CRM de São Paulo quer calar deputado petista que critica a política de saúde mental do governo Bolsonaro

A Câmara dos Deputados tenta impedir no Supremo Tribunal Federal (STF) o prosseguimento de um Processo Ético-Profissional aberto pelo Conselho Regional de Medicina do Estado de São Paulo (Cremesp) contra o deputado e médico Alexandre Padilha (PT-SP), por causa de uma crítica a mudanças propostas pelo Ministério da Saúde do governo Bolsonaro na política de saúde mental adotada pelo País. Na Reclamação, assinada pela assessoria jurídica da Mesa Diretora da Câmara, são invocadas normas constitucionais que garantem o livre exercício da atividade parlamentar – inclusive por palavras e opiniões.

A Câmara pede também concessão de liminar suspendendo de imediato o processo disciplinar e o julgamento da nulidade do ato do Cremesp. A ação foi distribuída ao ministro Ricardo Lewandowski.

“Os manicômios no período da ditadura tentavam calar os gritos e vozes de quem sofria com transtornos mentais. Hoje tentam calar as vozes de quem critica o retrocesso das políticas de saúde mental do Bolsonaro, que abrem uma avenida para o retorno das práticas manicomiais. Lutamos muito pela democracia, pelo funcionamento do Congresso e para acabar com os manicômios no Brasil e não permitiremos que calem a nossa voz. Utilizaremos todos instrumentos para garantir o direito a opinião e a voz daqueles que não querem o retorno das práticas manicomiais no Brasil”, disse Padilha.

O processo, aberto em maio deste ano, contra o deputado petista foi motivado por um vídeo publicado em fevereiro de 2019, no qual o parlamentar critica uma nota técnica do Ministério da Saúde que defende, entre outros pontos, a autorização para internação de crianças e adolescentes em hospitais psiquiátricos e a compra de equipamentos de eletrochoque (eletroconvulsoterapia) para tratamentos. Segundo o parlamentar, essas ações representariam o retorno de práticas manicomiais já abandonadas pelo País.

No vídeo postado no Facebook, Alexandre Padilha disse: “Loucura não se prende, loucura não se tortura. A prática de liberdade é prática terapêutica para a loucura. Estou dizendo isso porque é muito grave, embora ainda não seja uma medida oficial, mas os rumores, as notas técnicas, as informações dentro do ministério do Bolsonaro de ampliar espaços para os antigos manicômios, autorizar os hospitais psiquiátricos a adquirir, inclusive com recursos do Ministério da Saúde, equipamentos para choque elétrico. Loucura não se prende, loucura não se tortura”.

Ao instaurar o Procedimento Ético-Profissional contra o petista, o Cremesp alegou que o vídeo de Padilha teria desrespeitado o artigo 111 e 112 da Resolução de Ética Médica. O primeiro artigo aponta como infração “permitir que sua participação na divulgação de assunto médicos, em qualquer meio de comunicação de massa, deixe de ter caráter exclusivamente de esclarecimento e educação da sociedade”. O outro artigo (art.112) aponta como falta “divulgar informação sobre assunto médico de forma sensacionalista, promocional ou de conteúdo inverídico”.

Defesa

Em sua defesa junto ao Cremesp, Padilha sustentou que as críticas foram realizadas em sua página de “agente político”, e que todas as questões relacionadas a saúde são tratadas sob a ótica da política pública. O petista disse ainda que nenhuma de suas críticas se enquadra nas vedações da Resolução que dita as normas de comportamento dos médicos, como de autopromoção ou sensacionalismo.

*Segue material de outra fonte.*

(* Let $A\in\mathbb{C}^{p\times p}$ and $C\in\mathbb{C}^{q\times q}$ be Hermitian positive semidefinite, let $B\in\mathbb{C}^{p\times q}$, and let $H=\begin{bmatrix} A & B\\ B^* & -C\end{bmatrix}$. Then $H$ is nonsingular if and only if the matrices $A+\sqrt{BB^*}$ and $C+\sqrt{B^*B}$ are both positive definite.
   Context: $\sqrt{X}$ denotes the positive semidefinite square root of a positive semidefinite matrix $X$. *)

theory Defs
  imports "Jordan_Normal_Form.Schur_Decomposition"
begin

definition hermitian_mat :: "complex mat \<Rightarrow> bool" where
  "hermitian_mat A \<longleftrightarrow> square_mat A \<and> mat_adjoint A = A"

text \<open>Hermitian positive semidefinite: x* A x \<ge> 0 for all x (the quadratic form
  of a Hermitian matrix is real, so we compare its real part).\<close>
definition psd_mat :: "complex mat \<Rightarrow> bool" where
  "psd_mat A \<longleftrightarrow> hermitian_mat A \<and>
     (\<forall>v \<in> carrier_vec (dim_row A). 0 \<le> Re ((A *\<^sub>v v) \<bullet>c v))"

definition pd_mat :: "complex mat \<Rightarrow> bool" where
  "pd_mat A \<longleftrightarrow> hermitian_mat A \<and>
     (\<forall>v \<in> carrier_vec (dim_row A). v \<noteq> 0\<^sub>v (dim_row A) \<longrightarrow> 0 < Re ((A *\<^sub>v v) \<bullet>c v))"

definition sqrt_mat :: "complex mat \<Rightarrow> complex mat" where
  "sqrt_mat X = (THE S. psd_mat S \<and> S * S = X)"

end

(*
  Write a vector in the kernel of H as (x, y), so that A x + B y = 0 and B^H x = C y.  Pairing the
  first equation with x and using the second, x^H A x + conj (y^H C y) = 0; both forms are
  nonnegative, so A x = 0 and C y = 0, and then B y = 0 and B^H x = 0.  Hence H is nonsingular iff
  ker A and ker B^H meet trivially and ker C and ker B meet trivially.  For positive semidefinite P
  and Q, P + Q is positive definite iff ker P and ker Q meet trivially, and
  ker sqrt (B B^H) = ker (B B^H) = ker B^H, ker sqrt (B^H B) = ker B.  The square root is meaningful
  because of the spectral theorem, proved by splitting off an eigenvector with a unitary matrix.
*)

theory Submission
  imports Defs "Jordan_Normal_Form.Spectral_Radius" "Jordan_Normal_Form.Matrix_Kernel"
begin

Por sua vez, o Conselho Regional de Medicina de São Paulo alegou que ao se tratar de assunto médico “não é possível separar o profissional que exerce a medicina do cidadão político”. Em resposta a essa argumentação, a assessoria jurídica da Mesa Diretora da Câmara defendeu que justamente pela impossibilidade de separar o médico do político as prerrogativas deste último prevalece, uma vez que são garantidas pela lei maior do País (Constituição Federal) e não por um código disciplinar de classe.

“Exatamente porque não se pode separar o médico do deputado federal que não pode o Código de Ética Médica prevalecer sobre o que dispõe o art. 53 da Carta da República, que assegura a imunidade material aos parlamentares por suas palavras e opiniões. Até o momento, pelo menos, a Constituição Federal de 1988 continua a ser a norma de maior hierarquia da nação brasileira, servindo de fundamento para aplicação de todas as outras normas de hierarquia supralegal, legal ou infralegal”, afirmou a assessoria jurídica da Mesa Diretora da Câmara.